Everything from the line with "(measure_pmf g) real" to the last line of the material below is what to reproduce, exactly and with no other lines.

* [Listed entries]:
══════════
theorem proposition5p2:
  fixes pX pY :: "nat pmf" and b1 b2 m0 :: real
  assumes "integrable (measure_pmf pX) (\<lambda>k. real k ^ 2)"
    and "integrable (measure_pmf pY) (\<lambda>k. real k ^ 2)"
    and "b1 > 0" and "b2 > 0" and "m0 > 0"
    and "b1 * (measure_pmf.expectation pX real - 1) + b2 * measure_pmf.expectation pY real = 0"
    and "pmf pY 0 < 1"
  defines "G \<equiv> (\<lambda>z. exp (- m0 * (b2 / b1) *
                 integral {z..1} (\<lambda>s. (1 - pgf pY s) / (pgf pX s - s))))"
    and "m \<equiv> measure_pmf.expectation pX real"
  shows "C1_stationary_solution pX pY b1 b2 m0 G
    \<and> (\<forall>h. C1_stationary_solution pX pY b1 b2 m0 h \<longrightarrow> (\<forall>z\<in>{0..1}. h z = G z))
    \<and> (m > 0 \<longrightarrow> (\<exists>P. \<forall>z\<in>{0..1}. pgf P z = tail_gf pX z / m))
    \<and> (\<exists>Q. \<forall>z\<in>{0..1}. pgf Q z = b2 / b1 * inverse (1 - m) * tail_gf pY z)
    \<and> (\<exists>g. (\<forall>z\<in>{0..1}. pgf g z = G z) \<and> inf_divisible g
         \<and> integrable (measure_pmf g) real
         \<and> (\<forall>P Q \<Gamma>.
              (m > 0 \<longrightarrow> (\<forall>z\<in>{0..1}. pgf P z = tail_gf pX z / m)) \<longrightarrow>
              (\<forall>z\<in>{0..1}. pgf Q z = b2 / b1 * inverse (1 - m) * tail_gf pY z) \<longrightarrow>
              (\<forall>z\<in>{0..1}. pgf \<Gamma> z = (1 - m) / (1 - m * z)) \<longrightarrow>
              (\<forall>k. size_biased g k =
                 pmf (conv_pmf g (conv_pmf (return_pmf 1)
                        (conv_pmf Q (bind_pmf \<Gamma> (\<lambda>n. conv_pow P n))))) k)))"
proof -
  interpret stationary_setting pX pY b1 b2 m0
    using assms(1-7) by unfold_locales
  show ?thesis
    unfolding G_def m_def
    using stationary_solution_G stationary_solution_unique equilibrium_X_exists
          equilibrium_Y_exists stationary_law_exists
    by blast
qed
══════════
* [Answer section]:
         \<and> integrable (measure_pmf g) real
         \<and> (\<forall>P Q \<Gamma>.
              (m > 0 \<longrightarrow> (\<forall>z\<in>{0..1}. pgf P z = tail_gf pX z / m)) \<longrightarrow>
              (\<forall>z\<in>{0..1}. pgf Q z = b2 / b1 * inverse (1 - m) * tail_gf pY z) \<longrightarrow>
              (\<forall>z\<in>{0..1}. pgf \<Gamma> z = (1 - m) / (1 - m * z)) \<longrightarrow>
              (\<forall>k. size_biased g k =
                 pmf (conv_pmf g (conv_pmf (return_pmf 1)
                        (conv_pmf Q (bind_pmf \<Gamma> (\<lambda>n. conv_pow P n))))) k)))"
proof -
  interpret stationary_setting pX pY b1 b2 m0
    using assms(1-7) by unfold_locales
  show ?thesis
    unfolding G_def m_def
    using stationary_solution_G stationary_solution_unique equilibrium_X_exists
          equilibrium_Y_exists stationary_law_exists
    by blast
qed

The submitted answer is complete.